lemma avg_price_scaled:
  assumes "n \<ge> 1"
  shows "real n * (real n + 1) * avg_price d n = 2 * (\<Sum>j=1..n. d j)"
  using assms by (simp add: avg_price_def)

lemma exists_cheap_pair:
  assumes "n \<ge> 1"
  shows "\<exists>i j. cheap d n [i, j] \<and> i + j = n + 1"
proof -
  obtain i where i: "i \<in> {1..n}" "real n * (d i + d (n + 1 - i)) \<le> 2 * (\<Sum>j=1..n. d j)"
    using exists_pair_le_average[of 1 n d] assms by auto
  moreover have "2 * (\<Sum>j=1..n. d j) = real n * (real (n + 1) * avg_price d n)"
    using avg_price_scaled[OF assms, of d] by (simp add: mult.assoc add.commute)
  ultimately have "real n * (d i + d (n + 1 - i)) \<le> real n * (real (n + 1) * avg_price d n)"
    by linarith
  then have "d i + d (n + 1 - i) \<le> real (n + 1) * avg_price d n"
    using assms by simp
  then show ?thesis
    using i(1) by (intro exI[of _ i] exI[of _ "n + 1 - i"]) (auto simp: cheap_def)
qed

lemma exists_cheap_triple:
  assumes n: "n = 2 * a + 1"
  shows "\<exists>xs. cheap d n xs \<and> sum_list xs = 3 * (a + 1) \<and> length xs = 3"
proof -
  obtain i j l where ijl: "i \<in> {1..n}" "j \<in> {1..n}" "l \<in> {1..n}" "i + j + l = 3 * (a + 1)"
    and cost: "real n * (d i + d j + d l) \<le> 3 * (\<Sum>m=1..n. d m)"
    using exists_triple_le_average[OF n] by blast
  have "3 * (\<Sum>m=1..n. d m) = real n * (real (3 * (a + 1)) * avg_price d n)"
    using avg_price_scaled[of n d] n by (simp add: algebra_simps)
  with cost have "d i + d j + d l \<le> real (3 * (a + 1)) * avg_price d n"
    using n by simp
  then show ?thesis
    using ijl by (intro exI[of _ "[i, j, l]"]) (auto simp: cheap_def add.assoc)
qed

lemma exists_lower_remainder:
  assumes "d 0 = 0"
  shows "\<exists>xs. set xs \<subseteq> {..r} \<and> sum_list xs = r \<and> length xs \<le> (if r \<le> 1 then 1 else 2)
              \<and> real (r + 1) * sum_list (map d xs) \<le> 2 * (\<Sum>j=0..r. d j)"
proof (cases "r \<le> 1")
  case True
  then have "real (r + 1) * d r \<le> 2 * (\<Sum>j=0..r. d j)"
    using assms by (cases r) auto
  then show ?thesis using True by (intro exI[of _ "[r]"]) simp
next
  case False
  obtain i where "i \<in> {0..r}" "real (r + 1) * (d i + d (r - i)) \<le> 2 * (\<Sum>j=0..r. d j)"
    using exists_pair_le_average[of 0 r d] by auto
  then show ?thesis using False by (intro exI[of _ "[i, r - i]"]) auto
qed

lemma weighted_sum_le_imp_le_or_le:
  fixes p q x y s t :: real
  assumes "0 < p" "0 < q" "p * x + q * y \<le> p * s + q * t"
  shows "x \<le> s \<or> y \<le> t"
proof (rule ccontr)
  assume "\<not> (x \<le> s \<or> y \<le> t)"
  then have "p * s < p * x" "q * t < q * y"
    using assms(1,2) by simp_all
  with assms(3) show False by linarith
qed

lemma remainder_targets_sum:
  fixes c :: real
  assumes "n = r + m"
  shows "real (r + 1) * (real r * c) + real m * (real (n + 1 + r) * c) = real n * (real n + 1) * c"
  using assms by (simp add: algebra_simps)
(* Let $\lambda$ be a partition of $n$, let $l_1(\lambda)$ be the multiplicity of the part $1$ in $\lambda$, and let $\mathrm{fch}(\lambda)=\{h(1,1),h(2,1),\dots,h(l(\lambda),1)\}$ be the set of first-column hook lengths of $\lambda$, where $l(\lambda)$ is the number of parts. Let $f_\lambda$ be the degree of the irreducible character of $\mathsf{S}_n$ labelled by $\lambda$. If $q$ is a prime with $n-l_1(\lambda)\le q\le n$ and $q\nmid f_\lambda$, then $q,2q,\dots,\lfloor n/q\rfloor q\in\mathrm{fch}(\lambda)$.
   Context: $h(i,j)$ denotes the hook length at node $(i,j)$ of the Young diagram of $\lambda$ (number of nodes to the right of and below $(i,j)$, including $(i,j)$). $f_\lambda=n!/\prod_{(i,j)}h(i,j)$. *)

theory Defs
  imports Main "HOL-Computational_Algebra.Primes"
begin

text \<open>A partition of n: a weakly decreasing list of positive parts summing to n.
  Rows and columns are indexed from 1: part i is lam ! (i - 1).\<close>

definition is_partition :: "nat list \<Rightarrow> nat \<Rightarrow> bool" where
  "is_partition lam n \<longleftrightarrow> sorted (rev lam) \<and> (\<forall>x\<in>set lam. 0 < x) \<and> sum_list lam = n"

definition part :: "nat list \<Rightarrow> nat \<Rightarrow> nat" where
  "part lam i = (if 1 \<le> i \<and> i \<le> length lam then lam ! (i - 1) else 0)"

definition num_parts :: "nat list \<Rightarrow> nat" where
  "num_parts lam = length lam"

definition conj_part :: "nat list \<Rightarrow> nat \<Rightarrow> nat" where
  "conj_part lam j = card {i. 1 \<le> i \<and> i \<le> length lam \<and> j \<le> part lam i}"

definition young_diagram :: "nat list \<Rightarrow> (nat \<times> nat) set" where
  "young_diagram lam = {(i, j). 1 \<le> i \<and> i \<le> length lam \<and> 1 \<le> j \<and> j \<le> part lam i}"

definition hook :: "nat list \<Rightarrow> nat \<Rightarrow> nat \<Rightarrow> nat" where
  "hook lam i j = (part lam i - j) + (conj_part lam j - i) + 1"

text \<open>Hook length formula f_lambda = n! / prod of hook lengths.\<close>
definition f_lam :: "nat list \<Rightarrow> nat" where
  "f_lam lam = fact (sum_list lam) div (\<Prod>(i, j)\<in>young_diagram lam. hook lam i j)"

definition mult_one :: "nat list \<Rightarrow> nat" where
  "mult_one lam = count_list lam 1"

definition fch :: "nat list \<Rightarrow> nat set" where
  "fch lam = {hook lam i 1 | i. 1 \<le> i \<and> i \<le> num_parts lam}"

end

theory Submission
  imports Defs
begin

text \<open>
  Write beta i = h(i,1) for the (distinct) first-column hook lengths. The hooks of row i and
  the differences beta i - beta k (k > i) partition {1..beta i}; reading this modulo d on a
  d-abacus shows that at most n div d hook lengths are divisible by d, exactly as for the
  numbers 1, ..., n. Comparing q-adic valuations with Legendre's formula then shows that the
  hook product divides n!, and that q divides f_lam unless exactly n div q hook lengths are
  divisible by q.

  A hook off the first column satisfies h(i,j) + l(lam) <= n, and l(lam) > l_1(lam) because
  row i has a part at least 2; so it is shorter than q. Thus if q does not divide f_lam, the
  hooks divisible by q are n div q distinct first-column hooks in {1..n}, i.e. exactly
  q, 2q, ..., (n div q) q.
\<close>

lemma card_multiples_atLeastAtMost:
  fixes d m :: nat
  assumes "0 < d"
  shows "card {t \<in> {1..m}. d dvd t} = m div d"
proof -
  have "{t \<in> {1..m}. d dvd t} = (\<lambda>k. d * k) ` {1..m div d}"
    using assms by (auto simp: less_eq_div_iff_mult_less_eq mult.commute)
  moreover have "inj_on (\<lambda>k. d * k) {1..m div d}"
    using assms by (auto intro: inj_onI)
  ultimately show ?thesis
    by (simp add: card_image)
qed

lemma sum_lessThan_card_le_sum:
  fixes B :: "nat set"
  assumes "finite B"
  shows "(\<Sum>k<card B. k) \<le> \<Sum>B"
  using assms
proof (induction "card B" arbitrary: B)
  case 0
  then show ?case by simp
next
  case (Suc m)
  define M where "M = Max B"
  have M: "M \<in> B"
    using Suc M_def by (metis Max_in card_0_eq nat.distinct(1))
  have "card B \<le> card {0..M}"
    using Suc.prems M_def by (intro card_mono) auto
  then have "m \<le> M"
    using Suc.hyps(2) by simp
  moreover have "(\<Sum>k<m. k) \<le> \<Sum>(B - {M})"
  proof -
    have "card (B - {M}) = m"
      using Suc.hyps(2) Suc.prems M by simp
    with Suc.hyps(1)[of "B - {M}"] Suc.prems show ?thesis
      by simp
  qed
  ultimately show ?case
    using Suc.prems Suc.hyps(2)[symmetric] M by (simp add: sum.remove)
qed

lemma multiplicity_eq_card_prime_power_dvd:
  fixes p h N :: nat
  assumes "prime p" "0 < h" "h \<le> N"
  shows "multiplicity p h = card {e \<in> {1..N}. p ^ e dvd h}"
proof -
  let ?m = "multiplicity p h"
  have "?m < 2 ^ ?m"
    by (rule less_exp)
  also have "\<dots> \<le> p ^ ?m"
    using prime_ge_2_nat[OF assms(1)] by (rule power_mono) simp
  also have "\<dots> \<le> h"
    using assms(2) by (intro dvd_imp_le multiplicity_dvd)
  finally have "?m \<le> N"
    using assms(3) by linarith
  moreover have power_dvd_iff: "p ^ e dvd h \<longleftrightarrow> e \<le> ?m" for e
    using power_dvd_iff_le_multiplicity[of h p e] assms by (auto dest: prime_gt_1_nat)
  ultimately have "{e \<in> {1..N}. p ^ e dvd h} = {1..?m}"
    unfolding power_dvd_iff by auto
  then show ?thesis
    by simp
qed

lemma multiplicity_prod_eq_sum_card_prime_power_dvd:
  fixes f :: "'a \<Rightarrow> nat"
  assumes "prime p" "finite A" "\<And>x. x \<in> A \<Longrightarrow> 0 < f x \<and> f x \<le> N"
  shows "multiplicity p (\<Prod>x\<in>A. f x) = (\<Sum>e\<in>{1..N}. card {x \<in> A. p ^ e dvd f x})"
proof -
  have "multiplicity p (\<Prod>x\<in>A. f x) = (\<Sum>x\<in>A. multiplicity p (f x))"
    using assms by (intro prime_elem_multiplicity_prod_distrib) (auto simp: image_iff)
  also have "\<dots> = (\<Sum>x\<in>A. card {e \<in> {1..N}. p ^ e dvd f x})"
    using assms by (intro sum.cong refl multiplicity_eq_card_prime_power_dvd) auto
  also have "\<dots> = (\<Sum>x\<in>A. \<Sum>e\<in>{1..N}. if p ^ e dvd f x then 1 else 0)"
    by (simp add: sum.inter_filter[symmetric])
  also have "\<dots> = (\<Sum>e\<in>{1..N}. \<Sum>x\<in>A. if p ^ e dvd f x then 1 else 0)"
    by (rule sum.swap)
  also have "\<dots> = (\<Sum>e\<in>{1..N}. card {x \<in> A. p ^ e dvd f x})"
    using assms(2) by (simp add: sum.inter_filter[symmetric])
  finally show ?thesis .
qed

lemma multiplicity_fact_eq_sum_div:
  fixes p n :: nat
  assumes "prime p"
  shows "multiplicity p (fact n :: nat) = (\<Sum>e\<in>{1..n}. n div p ^ e)"
proof -
  have "multiplicity p (fact n :: nat) = (\<Sum>e\<in>{1..n}. card {x \<in> {1..n}. p ^ e dvd x})"
    unfolding fact_prod using multiplicity_prod_eq_sum_card_prime_power_dvd[OF assms, of "{1..n}" id n]
    by simp
  also have "\<dots> = (\<Sum>e\<in>{1..n}. n div p ^ e)"
    using assms by (intro sum.cong refl card_multiples_atLeastAtMost) (simp add: prime_gt_0_nat)
  finally show ?thesis .
qed

context
  fixes A :: "'a set" and f :: "'a \<Rightarrow> nat" and n :: nat
  assumes finite: "finite A"
    and bounded: "\<And>x. x \<in> A \<Longrightarrow> 0 < f x \<and> f x \<le> n"
    and card_dvd_le: "\<And>d. 0 < d \<Longrightarrow> card {x \<in> A. d dvd f x} \<le> n div d"
begin

lemma multiplicity_prod_le_multiplicity_fact:
  assumes "prime p"
  shows "multiplicity p (\<Prod>x\<in>A. f x) \<le> multiplicity p (fact n :: nat)"
proof -
  have "(\<Sum>e\<in>{1..n}. card {x \<in> A. p ^ e dvd f x}) \<le> (\<Sum>e\<in>{1..n}. n div p ^ e)"
    using assms by (intro sum_mono card_dvd_le) (simp add: prime_gt_0_nat)
  then show ?thesis
    by (simp only: multiplicity_prod_eq_sum_card_prime_power_dvd[OF assms finite bounded]
        multiplicity_fact_eq_sum_div[OF assms])
qed

lemma multiplicity_prod_less_multiplicity_fact:
  assumes "prime p" and "card {x \<in> A. p dvd f x} < n div p"
  shows "multiplicity p (\<Prod>x\<in>A. f x) < multiplicity p (fact n :: nat)"
proof -
  have "1 \<le> n"
    using assms(2) by (cases n) auto
  then have "(\<Sum>e\<in>{1..n}. card {x \<in> A. p ^ e dvd f x}) < (\<Sum>e\<in>{1..n}. n div p ^ e)"
    using assms card_dvd_le by (intro sum_strict_mono_ex1) (auto simp: prime_gt_0_nat intro!: bexI[of _ 1])
  then show ?thesis
    by (simp only: multiplicity_prod_eq_sum_card_prime_power_dvd[OF assms(1) finite bounded]
        multiplicity_fact_eq_sum_div[OF assms(1)])
qed

lemma prod_dvd_fact: "(\<Prod>x\<in>A. f x) dvd fact n"
proof (rule multiplicity_le_imp_dvd)
  show "(\<Prod>x\<in>A. f x) \<noteq> 0"
    using finite bounded by auto
qed (rule multiplicity_prod_le_multiplicity_fact)

lemma prime_dvd_fact_div_prod:
  assumes "prime q" and "card {x \<in> A. q dvd f x} < n div q"
  shows "q dvd fact n div (\<Prod>x\<in>A. f x)"
proof (rule ccontr)
  let ?H = "\<Prod>x\<in>A. f x"
  assume not_dvd: "\<not> q dvd fact n div ?H"
  have split: "fact n = (fact n div ?H) * ?H"
    using prod_dvd_fact by simp
  then have "fact n div ?H \<noteq> 0 \<and> ?H \<noteq> 0"
    by (metis fact_nonzero mult_eq_0_iff)
  then have "multiplicity q (fact n :: nat) = multiplicity q (fact n div ?H) + multiplicity q ?H"
    using assms(1) by (subst split) (simp add: prime_elem_multiplicity_mult_distrib)
  also have "multiplicity q (fact n div ?H) = 0"
    using not_dvd by (rule not_dvd_imp_multiplicity_0)
  finally show False
    using multiplicity_prod_less_multiplicity_fact[OF assms] by simp
qed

______________________________

**What the exercise asks:** Give an exact copy of the lines above from the line with "fixes c :: real" up to and including the line with "using assms by (simp add: algebra_simps)", and leave everything else out.

**Exercise response:**
  fixes c :: real
  assumes "n = r + m"
  shows "real (r + 1) * (real r * c) + real m * (real (n + 1 + r) * c) = real n * (real n + 1) * c"
  using assms by (simp add: algebra_simps)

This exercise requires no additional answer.